When a project owner believes a `critical`/`high` step can be safely served at a lower tier — for example, because a downstream HITL gate provides a safety net that makes the quality requirement effectively `medium` — they must:

1. File a waiver record as a named artifact (e.g., `e6-demotion-waiver-<step-id>`) with: the step id, the original tier, the proposed tier, the failure modes present, the compensating control (e.g., mandatory HITL gate before output reaches user), the evaluator who reviewed it, and the review date.

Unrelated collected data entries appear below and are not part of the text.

lemma fmap_pt_nxt:
  assumes i: "i \<in> idx" and "x \<le> 1"
  shows "fmap rho (nxt i) (pt x i) = pt (fj_coord rho i x) (nxt i)"
proof (rule idx_fun_eqI[OF i])
  let ?D = "1 - rho (nxt i) + theta rho * (1 - x)"
  have "0 < ?D"
    using assms rho_less_one[of "nxt i"] theta_pos by (simp add: add_pos_nonneg)
  moreover have "(1 - rho (nxt i)) * x + rho (nxt (nxt i)) * (1 - x) = ?D - rho i * (1 - x)"
    by (simp add: theta_eq[OF i] algebra_simps)
  ultimately show "fmap rho (nxt i) (pt x i) (nxt (nxt i)) = pt (fj_coord rho i x) (nxt i) (nxt (nxt i))"
    using i by (simp add: fmap_def fj_coord_def lin_frac_def diff_divide_distrib)
qed (use i in \<open>simp_all add: fmap_def fj_coord_def lin_frac_def\<close>)

lemma fmap_pt_nxt_nxt:
  assumes i: "i \<in> idx" and "0 \<le> x"
  shows "fmap rho (nxt (nxt i)) (pt x i) = pt (fk_coord rho i x) (nxt (nxt i))"
proof (rule idx_fun_eqI[OF i])
  let ?D = "1 - rho (nxt (nxt i)) + theta rho * x"
  have "0 < ?D"
    using assms rho_less_one[of "nxt (nxt i)"] theta_pos by (simp add: add_pos_nonneg)
  moreover have "(1 - rho (nxt (nxt i))) * (1 - x) + rho (nxt i) * x = ?D - rho i * x"
    by (simp add: theta_eq[OF i] algebra_simps)
  ultimately show "fmap rho (nxt (nxt i)) (pt x i) (nxt i) = pt (fk_coord rho i x) (nxt (nxt i)) (nxt i)"
    using i by (simp add: fmap_def fk_coord_def lin_frac_def diff_divide_distrib)
qed (use i in \<open>simp_all add: fmap_def fk_coord_def lin_frac_def\<close>)

lemma fj_coord_strict_antimono:
  "i \<in> idx \<Longrightarrow> x < y \<Longrightarrow> y \<le> 1 \<Longrightarrow> fj_coord rho i y < fj_coord rho i x"
  unfolding fj_coord_def
  using rho_pos rho_less_one[of "nxt i"] theta_pos by (intro lin_frac_strict_mono) auto

lemma fk_coord_strict_antimono:
  "i \<in> idx \<Longrightarrow> 0 \<le> x \<Longrightarrow> x < y \<Longrightarrow> fk_coord rho i y < fk_coord rho i x"
  unfolding fk_coord_def
  using rho_pos rho_less_one[of "nxt (nxt i)"] theta_pos lin_frac_strict_mono by simp

lemma fj_coord_inj:
  "i \<in> idx \<Longrightarrow> x \<le> 1 \<Longrightarrow> y \<le> 1 \<Longrightarrow> fj_coord rho i x = fj_coord rho i y \<Longrightarrow> x = y"
  by (metis fj_coord_strict_antimono less_irrefl linorder_neqE_linordered_idom)

lemma fk_coord_inj:
  "i \<in> idx \<Longrightarrow> 0 \<le> x \<Longrightarrow> 0 \<le> y \<Longrightarrow> fk_coord rho i x = fk_coord rho i y \<Longrightarrow> x = y"
  by (metis fk_coord_strict_antimono less_irrefl linorder_neqE_linordered_idom)

lemma fj_coord_range:
  assumes i: "i \<in> idx" and "0 \<le> x" "x < 1"
  shows "0 < fj_coord rho i x" "fj_coord rho i x < 1"
  unfolding fj_coord_def
  using assms rho_pos rho_less_one[of "nxt i"] theta_pos theta_eq[OF i] rho_pos[of "nxt (nxt i)"]
  by (auto intro!: lin_frac_pos lin_frac_less_one)

lemma fk_coord_range:
  assumes i: "i \<in> idx" and "0 < x" "x \<le> 1"
  shows "0 < fk_coord rho i x" "fk_coord rho i x < 1"
  unfolding fk_coord_def
  using assms rho_pos rho_less_one[of "nxt (nxt i)"] theta_pos theta_eq[OF i] rho_pos[of "nxt i"]
  by (auto intro!: lin_frac_pos lin_frac_less_one)

lemma fk_coord_vertex:
  assumes i: "i \<in> idx"
  shows "fk_coord rho (nxt (nxt i)) 1 = fj_coord rho i 0"
proof -
  have "0 < rho i + rho (nxt (nxt i))"
    using i rho_pos[of i] rho_pos[of "nxt (nxt i)"] by simp
  then show ?thesis
    using i by (simp add: fk_coord_def fj_coord_def lin_frac_def theta_eq[OF i] field_simps)
qed

definition fj_lip :: "nat \<Rightarrow> real" where
  "fj_lip i = rho i * (1 - rho (nxt i)) / (1 - rho (nxt i) + theta rho * (1 - d i))\<^sup>2"

definition fk_lip :: "nat \<Rightarrow> real" where
  "fk_lip i = rho i * (1 - rho (nxt (nxt i))) / (1 - rho (nxt (nxt i)) + theta rho * d i)\<^sup>2"

definition contraction :: real where
  "contraction = Max (fj_lip ` idx \<union> fk_lip ` idx)"

lemma fj_lip_pos: "i \<in> idx \<Longrightarrow> 0 < fj_lip i"
  and fj_lip_less_one: "i \<in> idx \<Longrightarrow> fj_lip i < 1"
  and fk_lip_less_one: "i \<in> idx \<Longrightarrow> fk_lip i < 1"
proof -
  assume i: "i \<in> idx"
  have "0 < 1 - rho (nxt i) + theta rho * (1 - d i)"
    using i rho_less_one[of "nxt i"] theta_pos d_less_one[OF i] by (simp add: add_pos_pos)
  then show "0 < fj_lip i"
    unfolding fj_lip_def using i rho_pos[OF i] rho_less_one[of "nxt i"] by simp
  show "fj_lip i < 1"
    unfolding fj_lip_def using i rho_pos[OF i] rho_pair_nxt[OF i] theta_pos d_less_one[OF i]
    by (intro lin_frac_lipschitz_const_less_one) auto
  show "fk_lip i < 1"
    unfolding fk_lip_def using i rho_pos[OF i] rho_pair_nxt_nxt[OF i] theta_pos d_pos[OF i]
    by (intro lin_frac_lipschitz_const_less_one) auto
qed

lemma contraction_ge:
  "i \<in> idx \<Longrightarrow> fj_lip i \<le> contraction" "i \<in> idx \<Longrightarrow> fk_lip i \<le> contraction"
  unfolding contraction_def by (intro Max_ge; auto simp: idx_def)+

lemma contraction_pos: "0 < contraction"
  using fj_lip_pos[of 1] contraction_ge(1)[of 1] by (simp add: idx_def)

lemma contraction_less_one: "contraction < 1"
proof -
  have "contraction \<in> fj_lip ` idx \<union> fk_lip ` idx"
    unfolding contraction_def by (intro Max_in) (auto simp: idx_def)
  then show ?thesis
    using fj_lip_less_one fk_lip_less_one by auto
qed

lemma fj_coord_contracts:
  assumes i: "i \<in> idx" and "0 \<le> x" "x \<le> d i" "0 \<le> y" "y \<le> d i"
  shows "\<bar>fj_coord rho i x - fj_coord rho i y\<bar> \<le> contraction * \<bar>x - y\<bar>"
proof -
  have "\<bar>fj_coord rho i x - fj_coord rho i y\<bar> \<le> fj_lip i * \<bar>(1 - x) - (1 - y)\<bar>"
    unfolding fj_coord_def fj_lip_def
    using assms rho_pos[OF i] rho_less_one[of "nxt i"] theta_pos d_less_one[OF i]
    by (intro lin_frac_lipschitz) auto
  also have "\<dots> \<le> contraction * \<bar>x - y\<bar>"
    using contraction_ge(1)[OF i] by (simp add: abs_minus_commute mult_right_mono)
  finally show ?thesis .
qed

lemma fk_coord_contracts:
  assumes i: "i \<in> idx" and "d i \<le> x" "x \<le> 1" "d i \<le> y" "y \<le> 1"
  shows "\<bar>fk_coord rho i x - fk_coord rho i y\<bar> \<le> contraction * \<bar>x - y\<bar>"
proof -
  have "\<bar>fk_coord rho i x - fk_coord rho i y\<bar>
      = \<bar>lin_frac (rho i) (1 - rho (nxt (nxt i))) (theta rho) x
          - lin_frac (rho i) (1 - rho (nxt (nxt i))) (theta rho) y\<bar>"
    by (simp add: fk_coord_def abs_minus_commute)
  also have "\<dots> \<le> fk_lip i * \<bar>x - y\<bar>"
    unfolding fk_lip_def
    using assms rho_pos[OF i] rho_less_one[of "nxt (nxt i)"] theta_pos d_pos[OF i]
    by (intro lin_frac_lipschitz) auto
  also have "\<dots> \<le> contraction * \<bar>x - y\<bar>"
    using contraction_ge(2)[OF i] by (simp add: mult_right_mono)
  finally show ?thesis .
qed

lemma phi_cases:
  assumes "y \<in> phi rho d w"
  obtains (fj) i x where "i \<in> idx" "0 \<le> x" "x \<le> d i" "w = pt x i" "y = pt (fj_coord rho i x) (nxt i)"
  | (fk) i x where "i \<in> idx" "d i \<le> x" "x \<le> 1" "w = pt x i" "y = pt (fk_coord rho i x) (nxt (nxt i))"
proof -
  obtain j i where y: "y = fmap rho j w" and i: "i \<in> idx" "w \<in> Aface i"
    and j: "piF i w \<le> d i \<and> j = nxt i \<or> d i \<le> piF i w \<and> j = nxt (nxt i)"
    using assms unfolding phi_def allowed_def by blast
  define x where "x = piF i w"
  have w: "w = pt x i" and x: "0 \<le> x" "x \<le> 1"
    using Aface_eq_pt[OF i] unfolding x_def by simp_all
  from j[folded x_def] show thesis
  proof (elim disjE conjE)
    assume "x \<le> d i" "j = nxt i"
    then show thesis
      using fj[OF i(1) x(1) _ w] fmap_pt_nxt[OF i(1) x(2)] y w by simp
  next
    assume "d i \<le> x" "j = nxt (nxt i)"
    then show thesis
      using fk[OF i(1) _ x(2) w] fmap_pt_nxt_nxt[OF i(1) x(1)] y w by simp
  qed
qed

lemma phi_interior_cases:
  assumes f: "f \<in> idx" and x: "0 < x" "x < 1" and y: "y \<in> phi rho d (pt x f)"
  shows "x \<le> d f \<and> y = pt (fj_coord rho f x) (nxt f) \<or> d f \<le> x \<and> y = pt (fk_coord rho f x) (nxt (nxt f))"
  using y
proof (cases rule: phi_cases)
  case (fj i x')
  then have "i = f" "x' = x"
    using pt_eq_pt_iff[OF _ f x] by simp_all
  then show ?thesis
    using fj by simp
next
  case (fk i x')
  then have "i = f" "x' = x"
    using pt_eq_pt_iff[OF _ f x] by simp_all
  then show ?thesis
    using fk by simp
qed

lemma phi_interior:
  assumes "y \<in> phi rho d w"
  obtains f x where "f \<in> idx" "0 < x" "x < 1" "y = pt x f"
  using assms
proof (cases rule: phi_cases)
  case (fj i x)
  then show thesis
    using that[of "nxt i"] fj_coord_range[of i x] d_less_one[of i] by simp
next
  case (fk i x)
  then show thesis
    using that[of "nxt (nxt i)"] fk_coord_range[of i x] d_pos[of i] by simp
qed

2. Update `demotion_waiver_ref` in this matrix to point to that artifact id.
3. Notify the `e6-routing-policy` owner to reload the matrix before next deploy.

The waiver does not remove the HITL requirement — it only permits a lower-cost model to do the generation, with the HITL gate as the quality backstop. Waivers expire on the same cadence as the `s1-failure-mode-register` review cycle (or project milestone, whichever is sooner).